La decisión de la Reserva Federal de EE.UU. (FED) de inyectar más dólares a la economía, como medida para lograr la recuperación económica, podría tener más efectos en otros mercados que en territorio estadounidense.

Así se desprende de las críticas que ya se han hecho al anunciado plan monetario, que excedió por $100 billones las expectativas del mercado.

Peter Schiff, CEO de Euro Pacific Capital Inc., argumenta que la FED simplemente está dejando crecer su déficit, elevando los precios  de las acciones para crear la ilusión de riqueza y estimular el gasto. El costo per cápita de esta apuesta es de $2,000, con el agravante de que los recursos apostados son los ahorros de la nación.

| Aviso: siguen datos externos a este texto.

lemma card_related_pairs_STS:
  assumes "is_STS v \<B>"
  shows "card (related_pairs R {0..<v}) = (\<Sum>B\<in>\<B>. card (related_pairs R B))"
proof -
  have blocks: "\<And>B. B \<in> \<B> \<Longrightarrow> B \<subseteq> {0..<v} \<and> card B = 3"
    and unique: "\<And>x y. x < v \<Longrightarrow> y < v \<Longrightarrow> x \<noteq> y \<Longrightarrow> \<exists>!B. B \<in> \<B> \<and> {x, y} \<subseteq> B"
    using assms unfolding is_STS_def by auto
  have "related_pairs R {0..<v} = (\<Union>B\<in>\<B>. related_pairs R B)"
  proof (intro equalityI subsetI)
    fix p assume "p \<in> related_pairs R {0..<v}"
    then obtain x y where "p = (x, y)" "x < v" "y < v" "x \<noteq> y" "R x y"
      by (cases p) (auto simp: related_pairs_def)
    with unique[of x y] show "p \<in> (\<Union>B\<in>\<B>. related_pairs R B)"
      unfolding related_pairs_def by auto
  qed (use blocks in \<open>fastforce simp: related_pairs_def\<close>)
  moreover have "card (\<Union>B\<in>\<B>. related_pairs R B) = (\<Sum>B\<in>\<B>. card (related_pairs R B))"
  proof (rule card_UN_disjoint; (intro ballI impI)?)
    show "finite \<B>" using assms by (rule finite_STS_blocks)
    show "finite (related_pairs R B)" if "B \<in> \<B>" for B
      using blocks[OF that] finite_subset[of B "{0..<v}"]
      unfolding related_pairs_def by auto
    show "related_pairs R A \<inter> related_pairs R B = {}" if "A \<in> \<B>" "B \<in> \<B>" "A \<noteq> B" for A B
    proof (rule ccontr)
      assume "related_pairs R A \<inter> related_pairs R B \<noteq> {}"
      then obtain x y where "{x, y} \<subseteq> A" "{x, y} \<subseteq> B" "x \<noteq> y"
        unfolding related_pairs_def by auto
      moreover have "x < v" "y < v" using blocks[OF \<open>A \<in> \<B>\<close>] \<open>{x, y} \<subseteq> A\<close> by auto
      ultimately show False using unique[of x y] that by auto
    qed
  qed
  ultimately show ?thesis by simp
qed

lemma card_related_pairs_const:
  assumes "finite A" "\<And>x. x \<in> A \<Longrightarrow> card ({y\<in>A. R x y} - {x}) = c"
  shows "card (related_pairs R A) = card A * c"
  unfolding related_pairs_def using assms by (simp add: card_SigmaI)

lemma card_residue_class:
  assumes "r < 3" shows "card {y\<in>{0..<3 * n}. y mod 3 = r} = n"
proof -
  have "{y\<in>{0..<3 * n}. y mod 3 = r} = (\<lambda>k. 3 * k + r) ` {..<n}"
  proof (intro equalityI subsetI)
    fix y assume "y \<in> {y\<in>{0..<3 * n}. y mod 3 = r}"
    then have "y = 3 * (y div 3) + r" "y div 3 < n" by auto
    then show "y \<in> (\<lambda>k. 3 * k + r) ` {..<n}" by blast
  qed (use assms in auto)
  moreover have "inj_on (\<lambda>k. 3 * k + r) {..<n}" by (auto simp: inj_on_def)
  ultimately show ?thesis by (simp add: card_image)
qed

El autor agrega que, tras los $1.7 trillones inyectados en la primera ronda no se logró nada y que obligando a las personas a consumir lo más probable es que el capital salga del país.

China manifestó que aunque la FED tiene derecho a tomar sus propias medidas para beneficiar a su economía, como único emisor de una moneda utilizada como reserva mundial debería considerar las consecuencias de sus actos sobre los demás países.

Robert Mundell, premio nobel de Economía, comentó que esta nueva ola de dólares podría presionar al euro de forma importante y conducir a la zona euro a un ambiente de recesión, dificultando a las naciones altamente endeudadas el pago de sus obligaciones.

Otros analistas, como N. Roubini, reconocido por anticipar la última crisis económica, argumentó que es posible que los precios de la mayoría de los activos mundiales estén por encima de sus fundamentos durante el 2011, debido al exceso de dólares, los bajos costos de financiamiento y el bajo crecimiento de la economía.